You must understand IT, Operations. Sales and Marketing, and Human Relations. All in addition to your native finance duties. You must also understand the strategies of each of these functions and how they relate to the overall corporate strategy.
Corporate strategy must be the ultimate arbiter. The are the DECIDER in deciding what projects are funded and which are not. You must understand and be part of the branding process too.
Questions to ask as a CFO in rebranding ROI
Before you dismiss brand as something “they do in marketing.” Remember brand is markedly different than what many have come to know.
Brand building is not a logo or an ad campaign.
The branding process and rebranding ROI is measurable. It is not an unmeasured cost center. Brand properly utilized and fulfilled is an agent of change initially and a long-term, complimentary element of sound revenue building and cost-constraining corporate strategy.
Rebranding ROI is absolute
Diligence requires you to be skeptical. Furthermore, you may already believe you have a strong corporate brand.
If you do, write down your brand in one sentence on a piece of paper. So, if you are a bank, is your corporate brand process about service, longevity, or some kind of value proposition (best rates, most locations, etc.)?
If you are a manufacturer of packaged goods, is your brand about providing your customers with the best goods? The best they can get at a reasonable price? If you are a technology firm, is your brand about service? Is it about uptime, innovation, or state of the art?
Then, as objectively as possible, ask yourself if any of your competitors say the same thing.
Are you saying you are the best? If your competition is saying the same things as you and they are not emotionally relevant to your target audience, then your brand is not strong enough to steal market share.
Brand actually reduces expenses. That’s rebranding ROI.
Weak or non-existent brands in organizations end up costing those organizations much more money than brands that resonate.
Meaningful brands provide an organization focus and purpose.
Weak or non-existent brands are inefficient, and pull organizations away from the center, creating silos and infighting between what is “best” and what is “right.”
Moreover, brand provides an organization with meaning.
Meaning is something that humans are always seeking. In the absence of a stated meaning within an organization, audiences (including your own employees) will make up their own meaning, further defocusing the entire organization.
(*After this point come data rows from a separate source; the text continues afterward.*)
lemma set_integral_abs_gh1_minus_1_power_le:
  assumes "0 < a" "a < 1" "real n * (1 - a) < 1"
  obtains C where "0 < C"
    and "\<And>t. 0 \<le> t \<Longrightarrow> (LINT u:{0..t}|lborel. \<bar>gh a 1 t u - 1\<bar> ^ n)
      \<le> C * (\<Sum>k<nat \<lfloor>t\<rfloor> + 1. (real k + 1) powr - (real n * a))"
proof -
  define b where "b = real n * (a - 1)"
  define p where "p = real n * a"
  obtain C where "0 < C" and C: "\<And>s t. 0 \<le> s \<Longrightarrow> s \<le> t \<Longrightarrow>
      \<bar>gh a 1 t s - 1\<bar> ^ n \<le> C * ((1 - frac s) powr b * (1 + (t - s)) powr - p)"
    unfolding b_def p_def using abs_gh1_minus_1_power_le[OF assms(1,2)] by blast
  have "-1 < b" "0 \<le> p"
    using assms by (simp_all add: b_def p_def algebra_simps)
  have "(LINT u:{0..t}|lborel. \<bar>gh a 1 t u - 1\<bar> ^ n)
      \<le> C * 2 powr p / (1 + b) * (\<Sum>k<nat \<lfloor>t\<rfloor> + 1. (real k + 1) powr - p)" if "0 \<le> t" for t
  proof -
    note decay = set_integral_one_minus_frac_powr_decay[OF that \<open>-1 < b\<close> \<open>0 \<le> p\<close>]
    have "(LINT u:{0..t}|lborel. \<bar>gh a 1 t u - 1\<bar> ^ n)
        \<le> (LINT u:{0..t}|lborel. C * ((1 - frac u) powr b * (1 + (t - u)) powr - p))"
      using decay(1) C \<open>0 < C\<close> by (intro set_integral_mono') auto
    also have "\<dots> = C * (LINT u:{0..t}|lborel. (1 - frac u) powr b * (1 + (t - u)) powr - p)"
      by simp
    also have "\<dots> \<le> C * (2 powr p / (1 + b) * (\<Sum>k<nat \<lfloor>t\<rfloor> + 1. (real k + 1) powr - p))"
      using \<open>0 < C\<close> by (intro mult_left_mono[OF decay(2)]) simp
    finally show ?thesis
      by simp
  qed
  moreover have "0 < C * 2 powr p / (1 + b)"
    using \<open>0 < C\<close> \<open>-1 < b\<close> by simp
  ultimately show ?thesis
    using that by (auto simp: p_def)
qed

lemma set_integral_abs_gh1_minus_1_le:
  assumes "0 < a" "a < 1"
  obtains C where "0 < C"
    and "\<And>t. 0 \<le> t \<Longrightarrow> (LINT u:{0..t}|lborel. \<bar>gh a 1 t u - 1\<bar>) \<le> C * (1 + t) powr (1 - a)"
proof -
  obtain C where "0 < C" and C: "\<And>t. 0 \<le> t \<Longrightarrow> (LINT u:{0..t}|lborel. \<bar>gh a 1 t u - 1\<bar> ^ 1)
      \<le> C * (\<Sum>k<nat \<lfloor>t\<rfloor> + 1. (real k + 1) powr - (real 1 * a))"
    by (rule set_integral_abs_gh1_minus_1_power_le[of a 1]) (use assms in auto)
  have "(LINT u:{0..t}|lborel. \<bar>gh a 1 t u - 1\<bar>) \<le> C / (1 - a) * (1 + t) powr (1 - a)"
    if "0 \<le> t" for t
  proof -
    have "(LINT u:{0..t}|lborel. \<bar>gh a 1 t u - 1\<bar>) \<le> C * (\<Sum>k<nat \<lfloor>t\<rfloor> + 1. (real k + 1) powr - a)"
      using C[OF that] by (simp only: power_one_right of_nat_1 mult_1)
    also have "\<dots> \<le> C * (real (nat \<lfloor>t\<rfloor> + 1) powr (1 - a) / (1 - a))"
      using assms \<open>0 < C\<close> by (intro mult_left_mono sum_succ_powr_neg_le_sublinear) auto
    also have "\<dots> \<le> C * ((1 + t) powr (1 - a) / (1 - a))"
      using assms that \<open>0 < C\<close> by (intro mult_left_mono divide_right_mono powr_mono2) auto
    finally show ?thesis
      by simp
  qed
  moreover have "0 < C / (1 - a)"
    using \<open>0 < C\<close> assms by simp
  ultimately show ?thesis
    using that by blast
qed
Brand building is an extension of those you wish to influence. That is, it comes from and is part of the emotional makeup of your target audience. It must represent their aspirations and beliefs.
Because it comes from your target audience, especially those who do not already use you, the beliefs of your target audience are not corrupted by internal inefficiencies, politics and tunnel vision of the organization.
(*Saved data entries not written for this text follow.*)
section \<open>The local ring Z_(p)\<close>

text \<open>A fraction whose denominator is prime to p lies in Z_(p), because the reduced
  denominator divides the given one; conversely every element of Z_(p) is such a fraction.\<close>
lemma Zloc_Fract:
  assumes b: "b > 0" "\<not> p dvd b"
  shows "Fract a b \<in> Zloc p"
proof -
  have "snd (quotient_of (Fract a b)) = b div gcd a b"
    using b by (simp add: quotient_of_Fract Rat.normalize_def Let_def)
  also have "\<dots> dvd b" by (metis dvd_def dvd_div_mult_self gcd_dvd2 mult.commute)
  finally have "snd (quotient_of (Fract a b)) dvd b" .
  then show ?thesis using b(2) dvd_trans unfolding Zloc_def by blast
qed

lemma Zloc_FractE:
  assumes "x \<in> Zloc p"
  obtains a b where "b > 0" "\<not> p dvd b" "x = Fract a b"
proof
  show "snd (quotient_of x) > 0" by (rule quotient_of_denom_pos')
  show "\<not> p dvd snd (quotient_of x)" using assms unfolding Zloc_def by simp
qed (rule Fract_quotient_of[symmetric])

lemma Zloc_add:
  assumes p: "prime p" and x: "x \<in> Zloc p" and y: "y \<in> Zloc p"
  shows "x + y \<in> Zloc p"
proof -
  obtain a b where ab: "b > 0" "\<not> p dvd b" "x = Fract a b" using Zloc_FractE[OF x] .
  obtain c d where cd: "d > 0" "\<not> p dvd d" "y = Fract c d" using Zloc_FractE[OF y] .
  have "x + y = Fract (a * d + c * b) (b * d)" using ab cd by simp
  moreover have "\<not> p dvd b * d" using p ab cd by (simp add: prime_dvd_mult_iff)
  ultimately show ?thesis using Zloc_Fract ab cd by simp
qed

lemma Zloc_mult:
  assumes p: "prime p" and x: "x \<in> Zloc p" and y: "y \<in> Zloc p"
  shows "x * y \<in> Zloc p"
proof -
  obtain a b where ab: "b > 0" "\<not> p dvd b" "x = Fract a b" using Zloc_FractE[OF x] .
  obtain c d where cd: "d > 0" "\<not> p dvd d" "y = Fract c d" using Zloc_FractE[OF y] .
  have "x * y = Fract (a * c) (b * d)" using ab cd by simp
  moreover have "\<not> p dvd b * d" using p ab cd by (simp add: prime_dvd_mult_iff)
  ultimately show ?thesis using Zloc_Fract ab cd by simp
qed

lemma Zloc_of_int:
  assumes "prime p" shows "of_int i \<in> Zloc p"
  using prime_gt_1_int[OF assms] by (simp add: Zloc_def quotient_of_int)

section \<open>The group algebra\<close>

lemma finite_Sym: "finite (Sym n)"
  unfolding Sym_def by (rule finite_permutations) simp

lemma Sym_permutation: "\<sigma> \<in> Sym n \<Longrightarrow> permutation \<sigma>"
  unfolding Sym_def using finite_atLeastAtMost permutation_permutes by blast

lemma Sym_comp: "\<sigma> \<in> Sym n \<Longrightarrow> \<tau> \<in> Sym n \<Longrightarrow> \<sigma> \<circ> \<tau> \<in> Sym n"
  unfolding Sym_def by (simp add: permutes_compose)

lemma Sym_inv: "\<sigma> \<in> Sym n \<Longrightarrow> inv \<sigma> \<in> Sym n"
  unfolding Sym_def by (simp add: permutes_inv)

lemma Sym_id: "id \<in> Sym n"
  unfolding Sym_def by simp

lemma gone_galg: "gone n \<in> galg n"
  unfolding galg_def gone_def gbasis_def by auto

lemma gsmult_galg: "f \<in> galg n \<Longrightarrow> gsmult r f \<in> galg n"
  unfolding galg_def gsmult_def by auto

lemma add_galg: "f \<in> galg n \<Longrightarrow> g \<in> galg n \<Longrightarrow> f + g \<in> galg n"
  unfolding galg_def by auto

lemma diff_galg: "f \<in> galg n \<Longrightarrow> g \<in> galg n \<Longrightarrow> f - g \<in> galg n"
  unfolding galg_def by auto

lemma gmult_galg: "gmult n f g \<in> galg n"
  unfolding galg_def gmult_def by auto

lemma JM_galg: "JM n k \<in> galg n"
  unfolding galg_def JM_def gbasis_def by (auto intro!: sum.neutral)

lemma zero_galg: "0 \<in> galg n"
  unfolding galg_def by simp

lemma GZ_galg: "x \<in> GZ p n \<Longrightarrow> x \<in> galg n"
  by (induction rule: GZ.induct) (blast intro: gsmult_galg gone_galg JM_galg add_galg gmult_galg)+

lemma Ilam_galg: "x \<in> Ilam p n lam \<Longrightarrow> x \<in> galg n"
  by (induction rule: Ilam.induct)
     (blast intro: zero_galg gsmult_galg gone_galg JM_galg add_galg gmult_galg diff_galg)+

lemma gmult_one: "y \<in> galg n \<Longrightarrow> gmult n (gone n) y = y"
proof
  fix \<sigma> assume y: "y \<in> galg n"
  show "gmult n (gone n) y \<sigma> = y \<sigma>"
  proof (cases "\<sigma> \<in> Sym n")
    case True
    have "gmult n (gone n) y \<sigma> = (\<Sum>\<tau>\<in>Sym n. (if \<tau> = id then y (inv \<tau> \<circ> \<sigma>) else 0))"
      using True Sym_id unfolding gmult_def gone_def gbasis_def by (auto intro!: sum.cong)
    also have "\<dots> = y \<sigma>" using Sym_id finite_Sym by simp
    finally show ?thesis .
  next
    case False then show ?thesis using y unfolding gmult_def galg_def by auto
  qed
qed

lemma gmult_diff_left: "gmult n (f - g) y = gmult n f y - gmult n g y"
  unfolding gmult_def by (auto simp: algebra_simps sum_subtractf fun_eq_iff)

lemma gmult_smult_left: "gmult n (gsmult r f) y = gsmult r (gmult n f y)"
  unfolding gmult_def gsmult_def by (auto simp: algebra_simps sum_distrib_left fun_eq_iff)

text \<open>I_lam is a Z_(p)-submodule: scalars r act as left multiplication by r \<cdot> 1 \<in> GZ_n.\<close>
lemma Ilam_smult:
  assumes "r \<in> Zloc p" "z \<in> Ilam p n lam"
  shows "gsmult r z \<in> Ilam p n lam"
proof -
  have "gmult n (gsmult r (gone n)) z \<in> Ilam p n lam" using assms by (intro Ilam.lmult GZ.scal)
  then show ?thesis using gmult_one[OF Ilam_galg[OF assms(2)]] by (simp add: gmult_smult_left)
qed

text \<open>Every element of GZ_n is congruent to a scalar modulo I_lam: each generator is
  (L_k \<equiv> r_lam(k) by definition), and the congruence classes of scalars are closed under
  the ring operations.\<close>
lemma GZ_congruent_scalar:
  assumes p: "prime p" and x: "x \<in> GZ p n"
  shows "\<exists>r. r \<in> Zloc p \<and> x - gsmult r (gone n) \<in> Ilam p n lam"
  using x
proof (induction rule: GZ.induct)
  case (scal r)
  then show ?case using Ilam.zero by (metis diff_self)
next
  case (gen k)
  then show ?case using Ilam.gen Zloc_of_int[OF p] by blast
next
  case (add x y)
  then obtain r s where r: "r \<in> Zloc p" "x - gsmult r (gone n) \<in> Ilam p n lam"
    and s: "s \<in> Zloc p" "y - gsmult s (gone n) \<in> Ilam p n lam" by blast
  have "x + y - gsmult (r + s) (gone n) = (x - gsmult r (gone n)) + (y - gsmult s (gone n))"
    by (auto simp: gsmult_def fun_eq_iff algebra_simps)
  then show ?case using Ilam.add[OF r(2) s(2)] Zloc_add[OF p r(1) s(1)] by metis
next
  case (mult x y)
  then obtain r s where r: "r \<in> Zloc p" "x - gsmult r (gone n) \<in> Ilam p n lam"
    and s: "s \<in> Zloc p" "y - gsmult s (gone n) \<in> Ilam p n lam" by blast
  have "gmult n (x - gsmult r (gone n)) y + gsmult r (y - gsmult s (gone n))
      = gmult n x y - gsmult r (gmult n (gone n) y) + gsmult r (y - gsmult s (gone n))"
    by (simp add: gmult_diff_left gmult_smult_left)
  also have "\<dots> = gmult n x y - gsmult (r * s) (gone n)"
    unfolding gmult_one[OF GZ_galg[OF mult.hyps(2)]] by (auto simp: gsmult_def fun_eq_iff algebra_simps)
  finally have "gmult n x y - gsmult (r * s) (gone n)
      = gmult n (x - gsmult r (gone n)) y + gsmult r (y - gsmult s (gone n))" ..
  moreover have "gmult n (x - gsmult r (gone n)) y \<in> Ilam p n lam"
    using Ilam.rmult[OF mult.hyps(2) r(2)] .
  moreover have "gsmult r (y - gsmult s (gone n)) \<in> Ilam p n lam"
    using Ilam_smult[OF r(1) s(2)] .
  ultimately show ?case using Ilam.add Zloc_mult[OF p r(1) s(1)] by metis
next
  case (smult r x)
  then obtain s where s: "s \<in> Zloc p" "x - gsmult s (gone n) \<in> Ilam p n lam" by blast
  have "gsmult r x - gsmult (r * s) (gone n) = gsmult r (x - gsmult s (gone n))"
    by (auto simp: gsmult_def fun_eq_iff algebra_simps)
  then show ?case using Ilam_smult[OF smult.hyps(1) s(2)] Zloc_mult[OF p smult.hyps(1) s(1)] by metis
qed

lemma JM_acts_by_content:
  assumes i: "1 \<le> i" "i \<le> n" and x: "x \<in> GZ p n"
  shows "gmult n (JM n i) x - gsmult (of_int (content lam i)) x \<in> Ilam p n lam"
proof -
  have "gmult n (JM n i - gsmult (of_int (content lam i)) (gone n)) x \<in> Ilam p n lam"
    using i by (intro Ilam.rmult[OF x] Ilam.gen)
  then show ?thesis by (simp add: gmult_diff_left gmult_smult_left gmult_one[OF GZ_galg[OF x]])
qed

section \<open>The sign-twisted action on functions of n variables\<close>

text \<open>A scalar that is congruent to x
  modulo I_lam is detected by how x acts on a common eigenvector of the L_k.\<close>
definition sign_act :: "nat \<Rightarrow> ((nat \<Rightarrow> nat) \<Rightarrow> rat) \<Rightarrow> ((nat \<Rightarrow> rat) \<Rightarrow> rat) \<Rightarrow> (nat \<Rightarrow> rat) \<Rightarrow> rat" where
  "sign_act n f w = (\<lambda>x. \<Sum>\<sigma>\<in>Sym n. f \<sigma> * of_int (sign \<sigma>) * w (x \<circ> \<sigma>))"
Brand is not about what you make or do. It is about what your customers believe or aspire to be.
Brand building serves as an objective roadmap to achieve the overall corporate strategy because it is devoid of internal “corporate speak” and personal agenda.
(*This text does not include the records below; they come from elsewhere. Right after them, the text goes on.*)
lemma euclid_coords_direction_gap:
  assumes T: "euclid_coords T" and ne: "x1 \<noteq> x2" "y1 \<noteq> y2"
  shows "norm (unitv (T x1 - T x2) - unitv (T y1 - T y2)) = norm (unitv (x1 - x2) - unitv (y1 - y2))"
    and "norm (unitv (T x1 - T x2) + unitv (T y1 - T y2)) = norm (unitv (x1 - x2) + unitv (y1 - y2))"
proof -
  have nonzero: "x1 - x2 \<noteq> 0" "y1 - y2 \<noteq> 0" "T x1 - T x2 \<noteq> 0" "T y1 - T y2 \<noteq> 0"
    using ne euclid_coords_norm_diff[OF T, of x1 x2] euclid_coords_norm_diff[OF T, of y1 y2] by auto
  have cos: "inner (T x1 - T x2) (T y1 - T y2) / (norm (T x1 - T x2) * norm (T y1 - T y2))
      = inner (x1 - x2) (y1 - y2) / (norm (x1 - x2) * norm (y1 - y2))"
    by (simp add: euclid_coords_inner_diff[OF T] euclid_coords_norm_diff[OF T])
  show "norm (unitv (T x1 - T x2) - unitv (T y1 - T y2)) = norm (unitv (x1 - x2) - unitv (y1 - y2))"
    by (rule power2_eq_imp_eq) (use norm_unitv_diff_sq(1) nonzero cos in auto)
  show "norm (unitv (T x1 - T x2) + unitv (T y1 - T y2)) = norm (unitv (x1 - x2) + unitv (y1 - y2))"
    by (rule power2_eq_imp_eq) (use norm_unitv_diff_sq(2) nonzero cos in auto)
qed

lemma sin_sq_le_slope_diff_sq:
  fixes a b e f :: real
  assumes "a \<noteq> 0" "e \<noteq> 0"
  shows "1 - (inner (a, b) (e, f) / (norm (a, b) * norm (e, f)))\<^sup>2 \<le> (b / a - f / e)\<^sup>2"
proof -
  define N where "N = (a\<^sup>2 + b\<^sup>2) * (e\<^sup>2 + f\<^sup>2)"
  have N: "N \<ge> a\<^sup>2 * e\<^sup>2" "a\<^sup>2 * e\<^sup>2 > 0" using assms unfolding N_def
    by (auto simp: algebra_simps intro!: add_increasing)
  have "(norm (a, b) * norm (e, f))\<^sup>2 = N"
    by (simp add: power_mult_distrib norm_Pair N_def)
  then have "1 - (inner (a, b) (e, f) / (norm (a, b) * norm (e, f)))\<^sup>2 = (N - (a * e + b * f)\<^sup>2) / N"
    using N by (simp add: power_divide diff_divide_distrib)
  also have "N - (a * e + b * f)\<^sup>2 = (a * f - b * e)\<^sup>2"
    unfolding N_def by (simp add: power2_eq_square algebra_simps)
  also have "(a * f - b * e)\<^sup>2 / N \<le> (a * f - b * e)\<^sup>2 / (a\<^sup>2 * e\<^sup>2)"
    using N by (intro divide_left_mono) auto
  also have "\<dots> = (b / a - f / e)\<^sup>2"
    using assms by (simp add: field_simps power2_eq_square)
  finally show ?thesis .
qed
Brand aligns and unites divisions. It removes inefficient and wasteful spending on “flavor of the month” advertising and sales promotions, expense in R&D activities that are not brand centric and builds positive corporate culture.
Measure rebranding ROI
If marketing wants to spend money on a brand project, make sure you ask them if the promise means improved corporate efficiencies. Does it reduce wasteful spending in R&D and product development, and strengthen corporate culture?
If the promise does not, then marketing is searching out the wrong solution to the wrong problem.
The way to build an organization is not through a simple logo tweak or corporate image overhaul. If that’s the belief, then you can plan on spending money again while receiving little long-term value from the original investment.
Brand position is not a simple matter to be resolved with the marketing function.
Rebranding must be directed by the occupants of the C-suite. A true brand transcends marketing. And should be seen as a long-term corporate investment.